When parents get divorced or decide that their current custody arrangement is not working, they can petition the court to determine who gets custody of a child. Custody is determined pursuant to the Best Interest of the Child. While the court makes this decision, having a strong advocate on your side can make a world of difference. Call us today at (573) 995-4077 to discuss your child custody case!
Best Interest of the Child Factors
Under Missouri law, the best interest of the child is the analysis by which the court is bound in making a decision. Simply put, the factors the court considers are as follows:
- The wishes of the child’s parents as to custody and the proposed parenting plan submitted by both parties.
- The needs of the child for continuing contact and a relationship with both parents; and the ability and willingness of each parent to play an active role in the child’s life.
- The interaction and interrelationship of the child with parents, siblings, and any other person who the child will have significant contact with.
- Which parent is more likely to allow the child to have a relationship with the other parent?
- The child’s adjustment to school, home, and community.
- The physical and mental health of all individuals involved.
- The intention of either parent is to relocate the child.
- The wishes of the child.
The court will consider all relevant factors.
The Parenting Plan
A parenting plan is essentially a contract between the parents. The parenting plan outlines the rights and responsibilities of each party. One provision of a parenting plan is physical custody vs legal custody.
Physical Custody is much like it sounds. Physical custody determines the time each parent will physically spend with the child.

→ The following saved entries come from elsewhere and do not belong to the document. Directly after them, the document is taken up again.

(* Let $(\lambda_n)_{n\ge1}$ be a sequence in $\mathbb{D}$ with $\sum_{n\ge1}(1-|\lambda_n|)=\infty$. Let $B_0=1$ and $B_n(z)=\prod_{k=1}^n\frac{\lambda_k-z}{1-\bar\lambda_kz}$ for $n\ge1$. Let $f$ be an entire function. Then \[ f=f(\lambda_1)+\sum_{n=1}^\infty\Big((T_{\bar B_n}f)(\lambda_{n+1})-\bar\lambda_n\,(T_{\bar B_{n-1}}f)(\lambda_n)\Big)B_n, \] where the series converges in $H^2$-norm.
   Context: $H^2$ is the Hardy space on the unit disc $\mathbb{D}$ (an entire function restricted to $\mathbb{D}$ belongs to $H^2$). For $\varphi\in L^\infty(\mathbb{T})$, $T_\varphi f=P_+(\varphi f)$ with $P_+$ the orthogonal projection $L^2(\mathbb{T})\to H^2$; $\bar B_n$ denotes the conjugate of the boundary function of $B_n$, so $(T_{\bar B_n}f)(\lambda)$ is the value at $\lambda\in\mathbb{D}$ of the $H^2$ function $T_{\bar B_n}f$. *)

theory Defs
  imports "HOL-Analysis.Analysis"
begin

definition fourier_coeff :: "(complex \<Rightarrow> complex) \<Rightarrow> nat \<Rightarrow> complex" where
  "fourier_coeff g k = integral {0..2*pi} (\<lambda>t. g (cis t) * cis (- (real k * t))) / (2 * pi)"

text \<open>Riesz projection P_+ : L^2(T) to H^2, the result viewed as a function on the disc:
  (P_+ g)(z) = sum over k >= 0 of the k-th Fourier coefficient times z^k.\<close>
definition riesz_proj :: "(complex \<Rightarrow> complex) \<Rightarrow> complex \<Rightarrow> complex" where
  "riesz_proj g z = (\<Sum>k. fourier_coeff g k * z ^ k)"

definition toeplitz :: "(complex \<Rightarrow> complex) \<Rightarrow> (complex \<Rightarrow> complex) \<Rightarrow> complex \<Rightarrow> complex" where
  "toeplitz phi f = riesz_proj (\<lambda>w. phi w * f w)"

text \<open>Taylor coefficients at 0 and the squared H^2 norm (sum of squared moduli of the Taylor
  coefficients), valued in ennreal so that it is infinite for functions outside H^2.\<close>
definition taylor_coeff :: "(complex \<Rightarrow> complex) \<Rightarrow> nat \<Rightarrow> complex" where
  "taylor_coeff g k = (deriv ^^ k) g 0 / fact k"

definition h2_norm_sq :: "(complex \<Rightarrow> complex) \<Rightarrow> ennreal" where
  "h2_norm_sq g = (\<Sum>k. ennreal ((cmod (taylor_coeff g k))\<^sup>2))"

definition blaschke :: "(nat \<Rightarrow> complex) \<Rightarrow> nat \<Rightarrow> complex \<Rightarrow> complex" where
  "blaschke lam n z = (\<Prod>k=1..n. (lam k - z) / (1 - cnj (lam k) * z))"

end

theory Submission
  imports Defs "HOL-Complex_Analysis.Complex_Analysis"
begin
lemma c_op_eq: "c y = d y - b (d y)"
proof (rule m_representation_unique)
  show "d y - b (d y) \<in> V1" using subspace_V1 by (simp add: subspace_diff b_op d_op)
  fix v assume "v \<in> V1"
  then show "m (c y) v = m (d y - b (d y)) v"
    by (simp add: c_op b_op d_op m_linear_simps mt_inner_def[of _ _ "d y"])
qed (simp add: c_op)

lemma s_norm2_eq: "s_norm2 a \<tau> V1 v = (norm (v - b v))\<^sup>2 + \<tau>\<^sup>2 / 2 * a (b v) (b v)"
proof -
  have "m (b v) (b v) = inner v (b v)" by (simp add: b_op)
  then show ?thesis
    unfolding s_norm2_def mt_norm2_def
    by (simp add: m_self power2_norm_eq_inner inner_diff_left inner_diff_right inner_commute)
qed

lemma s_norm2_nonneg: "0 \<le> s_norm2 a \<tau> V1 v"
  by (simp add: s_norm2_eq a_nonneg)

lemma n_norm2_eq: "n_norm2 a \<tau> V1 y = \<tau>\<^sup>2 / 2 * a (y - d y) (y - d y)"
proof -
  let ?e = "d y" and ?h = "b (d y)"
  have m_facts: "m ?h ?h = inner ?e ?h" "m ?h ?e = inner ?e ?e" "m ?e ?h = inner ?e ?e"
    using b_op d_op m_sym by metis+
  have a_facts: "a ?e ?e = a y ?e" "a ?e y = a y ?e"
    using d_op a_sym by metis+
  show ?thesis
    unfolding n_norm2_def s_norm2_def mt_norm2_def c_op_eq
    by (simp add: m_linear_simps a_linear_simps m_facts a_facts m_self[of ?e]
        power2_norm_eq_inner algebra_simps)
qed

lemma n_norm2_nonneg: "0 \<le> n_norm2 a \<tau> V1 y"
  by (simp add: n_norm2_eq a_nonneg)

lemma s_norm2_plus_n_norm2:
  "s_norm2 a \<tau> V1 (x + d y) + n_norm2 a \<tau> V1 y
    = (norm x)\<^sup>2 - m (b x - c y) (b x - c y) + \<tau>\<^sup>2 / 2 * a y y"
proof -
  let ?e = "d y" and ?h = "b (d y)"
  have m_facts: "m ?h ?h = inner ?e ?h" "m ?h ?e = inner ?e ?e" "m ?e ?h = inner ?e ?e"
    "m (b x) ?e = inner x ?e" "m ?e (b x) = inner x ?e" "m ?h (b x) = m (b x) ?h"
    using b_op d_op m_sym by metis+
  have a_facts: "a ?e ?e = a y ?e" "a ?e y = a y ?e"
    using d_op a_sym by metis+
  show ?thesis
    unfolding n_norm2_eq s_norm2_def mt_norm2_def c_op_eq b_op_add
    by (simp add: m_linear_simps a_linear_simps m_facts a_facts m_self[of ?e]
        power2_norm_eq_inner inner_commute algebra_simps)
qed

definition reduced_energy :: "'a \<Rightarrow> 'a \<Rightarrow> 'a \<Rightarrow> 'a \<Rightarrow> real" where
  "reduced_energy x' x y' y = (norm x')\<^sup>2 + (norm x)\<^sup>2 + (norm (y' - y))\<^sup>2 + \<tau>\<^sup>2 * a y' y
    - 2 * m (b x' - c y') (b x - c y)"

lemma energy_eq_reduced_energy:
  "energy a \<tau> V1 u1 u2 n = reduced_energy (u1 (n+1)) (u1 n) (u2 (n+1)) (u2 n)"
proof -
  have regroup: "b x' - c y' - b x + c y = (b x' - c y') - (b x - c y)" for x' y' x y
    by simp
  show ?thesis
    using s_norm2_plus_n_norm2[of "u1 (n+1)" "u2 (n+1)"] s_norm2_plus_n_norm2[of "u1 n" "u2 n"]
    unfolding energy_def E_terms_def reduced_energy_def mt_norm2_def regroup m_diff_self a_diff_self
    by (simp add: algebra_simps)
qed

Joint physical custody means an order awarding each of the parents significant but not necessarily equal, periods of time during which the child resides with or is under the care and supervision of each of the parents. Joint physical custody shall be shared by the parents in such a way as to assure the child of substantial, frequent, continuing, and meaningful contact with both parents. RSMo. §452.375.1(3)

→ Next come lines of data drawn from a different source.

(* (Optimality of the Schatten exponent.) Let $n,p,q\ge1$ satisfy $\frac{2}{p}+\frac{n}{q}=n$. Then for every $r>\frac{2q}{q+1}$, $$\sup_{0\ne\gamma_0\in\mathcal{G}^r}\frac{\big\|\rho_{e^{-itH}\gamma_0e^{itH}}\big\|_{L^p_tL^q_x(\mathbb{T}\times\mathbb{R}^n)}}{\|\gamma_0\|_{\mathcal{G}^r}}=+\infty,$$ where the supremum is over nonzero self-adjoint operators $\gamma_0\in\mathcal{G}^r(L^2(\mathbb{R}^n))$.
   Context: $H=-\Delta+|x|^2$ on $\mathbb{R}^n$ and $e^{-itH}$ the associated unitary group; $\mathbb{T}=[-\pi,\pi]$. $\mathcal{G}^r$ is the Schatten $r$-class on $L^2(\mathbb{R}^n)$. For a self-adjoint operator written as $\gamma_0=\sum_j n_j|u_j\rangle\langle u_j|$ with $(u_j)$ orthonormal in $L^2(\mathbb{R}^n)$ and $n_j\in\mathbb{R}$ (where $|u\rangle\langle v|$ denotes $f\mapsto\langle v,f\rangle u$), one has $\|\gamma_0\|_{\mathcal{G}^r}=(\sum_j|n_j|^r)^{1/r}$, and for $\gamma(t)=e^{-itH}\gamma_0e^{itH}=\sum_j n_j|e^{-itH}u_j\rangle\langle e^{-itH}u_j|$ the density is $\rho_{\gamma(t)}(x)=\sum_j n_j|e^{-itH}u_j(x)|^2$. *)

theory Defs
  imports "HOL-Analysis.Analysis"
begin

text \<open>Real power of an extended nonnegative real, for positive exponents (infinity stays infinity).\<close>
definition enn_powr :: "ennreal \<Rightarrow> real \<Rightarrow> ennreal" where
  "enn_powr a s = (if a = \<infinity> then \<infinity> else ennreal (enn2real a powr s))"

fun hermite_poly :: "nat \<Rightarrow> real \<Rightarrow> real" where
  "hermite_poly 0 x = 1"
| "hermite_poly (Suc 0) x = 2 * x"
| "hermite_poly (Suc (Suc k)) x =
     2 * x * hermite_poly (Suc k) x - 2 * real (Suc k) * hermite_poly k x"

text \<open>L2-normalised one-dimensional Hermite functions.\<close>
definition hermite_fun :: "nat \<Rightarrow> real \<Rightarrow> real" where
  "hermite_fun k x = hermite_poly k x * exp (- (x^2) / 2) / sqrt (2^k * fact k * sqrt pi)"

text \<open>Hermite functions on R^n (tensor products), eigenfunctions of H = -Delta + |x|^2.\<close>
definition hermite_nd :: "('n::finite \<Rightarrow> nat) \<Rightarrow> real^'n \<Rightarrow> complex" where
  "hermite_nd \<alpha> x = complex_of_real (\<Prod>i\<in>UNIV. hermite_fun (\<alpha> i) (x $ i))"

definition hermite_eig :: "('n::finite \<Rightarrow> nat) \<Rightarrow> real" where
  "hermite_eig \<alpha> = 2 * real (\<Sum>i\<in>UNIV. \<alpha> i) + real CARD('n)"

definition sq_integrable :: "(real^'n::finite \<Rightarrow> complex) \<Rightarrow> bool" where
  "sq_integrable f \<longleftrightarrow> f \<in> borel_measurable lborel \<and> integrable lborel (\<lambda>x. (cmod (f x))^2)"

definition L2_inner :: "(real^'n::finite \<Rightarrow> complex) \<Rightarrow> (real^'n \<Rightarrow> complex) \<Rightarrow> complex" where
  "L2_inner f g = (\<integral>x. cnj (f x) * g x \<partial>lborel)"

definition L2_orthonormal :: "(nat \<Rightarrow> real^'n::finite \<Rightarrow> complex) \<Rightarrow> bool" where
  "L2_orthonormal u \<longleftrightarrow> (\<forall>j. sq_integrable (u j)) \<and>
     (\<forall>i j. L2_inner (u i) (u j) = (if i = j then 1 else 0))"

Legal Custody is comprised of three types of decisions: 1) Major decisions 2) daily or everyday decisions and 3) emergency decisions.
Major decisions are life-altering decisions such as choice of school; religion; selection of child care providers; major medical care, surgery, etc.

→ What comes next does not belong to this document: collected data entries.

definition L_DMI :: "real^'c^'c \<Rightarrow> ereal" where
  "L_DMI Q = (if det Q = 0 then \<infinity> else ereal (- ln \<bar>det Q\<bar>))"

definition Tmat :: "'w measure \<Rightarrow> ('w \<Rightarrow> 'c::finite) \<Rightarrow> ('w \<Rightarrow> 'c) \<Rightarrow> real^'c^'c" where
  "Tmat M Y Yt = (\<chi> y y'. measure M {w \<in> space M. Y w = y \<and> Yt w = y'}
                         / measure M {w \<in> space M. Y w = y})"

definition cond_indep_XYt :: "'w measure \<Rightarrow> 'x measure \<Rightarrow> ('w \<Rightarrow> 'x) \<Rightarrow> ('w \<Rightarrow> 'c) \<Rightarrow> ('w \<Rightarrow> 'c) \<Rightarrow> bool" where
  "cond_indep_XYt M SX X Y Yt \<longleftrightarrow>
    (\<forall>A\<in>sets SX. \<forall>y y'.
       measure M {w \<in> space M. X w \<in> A \<and> Yt w = y' \<and> Y w = y} * measure M {w \<in> space M. Y w = y}
     = measure M {w \<in> space M. X w \<in> A \<and> Y w = y} * measure M {w \<in> space M. Yt w = y' \<and> Y w = y})"

text \<open>Joint probabilities involving the classifier outputs h(X), h'(X) (whose internal
  randomness is independent given X) and Y.\<close>
definition P_hh'Y :: "'w measure \<Rightarrow> ('w \<Rightarrow> 'x) \<Rightarrow> ('x \<Rightarrow> 'c \<Rightarrow> real) \<Rightarrow> ('x \<Rightarrow> 'c \<Rightarrow> real)
    \<Rightarrow> ('w \<Rightarrow> 'c) \<Rightarrow> 'c \<Rightarrow> 'c \<Rightarrow> 'c \<Rightarrow> real" where
  "P_hh'Y M X h h' Y c c' y = (\<integral>w. h (X w) c * h' (X w) c' * (if Y w = y then 1 else 0) \<partial>M)"

definition P_hh' :: "'w measure \<Rightarrow> ('w \<Rightarrow> 'x) \<Rightarrow> ('x \<Rightarrow> 'c \<Rightarrow> real) \<Rightarrow> ('x \<Rightarrow> 'c \<Rightarrow> real)
    \<Rightarrow> 'c \<Rightarrow> 'c \<Rightarrow> real" where
  "P_hh' M X h h' c c' = (\<integral>w. h (X w) c * h' (X w) c' \<partial>M)"

definition P_hY :: "'w measure \<Rightarrow> ('w \<Rightarrow> 'x) \<Rightarrow> ('x \<Rightarrow> 'c \<Rightarrow> real) \<Rightarrow> ('w \<Rightarrow> 'c) \<Rightarrow> 'c \<Rightarrow> 'c \<Rightarrow> real" where
  "P_hY M X h Y c y = (\<integral>w. h (X w) c * (if Y w = y then 1 else 0) \<partial>M)"

definition P_h :: "'w measure \<Rightarrow> ('w \<Rightarrow> 'x) \<Rightarrow> ('x \<Rightarrow> 'c \<Rightarrow> real) \<Rightarrow> 'c \<Rightarrow> real" where
  "P_h M X h c = (\<integral>w. h (X w) c \<partial>M)"

definition cond_indep_clf :: "'w measure \<Rightarrow> ('w \<Rightarrow> 'x) \<Rightarrow> ('x \<Rightarrow> 'c \<Rightarrow> real) \<Rightarrow> ('x \<Rightarrow> 'c \<Rightarrow> real)
    \<Rightarrow> ('w \<Rightarrow> 'c) \<Rightarrow> bool" where
  "cond_indep_clf M X h h' Y \<longleftrightarrow>
    (\<forall>c c' y. P_hh'Y M X h h' Y c c' y * P_h M X h c = P_hY M X h Y c y * P_hh' M X h h' c c')"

Daily decisions would be things such as minor medical treatment, bedtime routines, chores, clothing, and other normal daily decisions.
Emergency decisions are decisions that affect the health and safety of the child, which have to be made prior to contacting the other parent because of urgency.
Other provisions of a parenting plan include things such as claiming the child for tax purposes, holiday schedules, and health insurance. Parenting plans typically range from basic or standard to complex based on the circumstances of the parents and the child.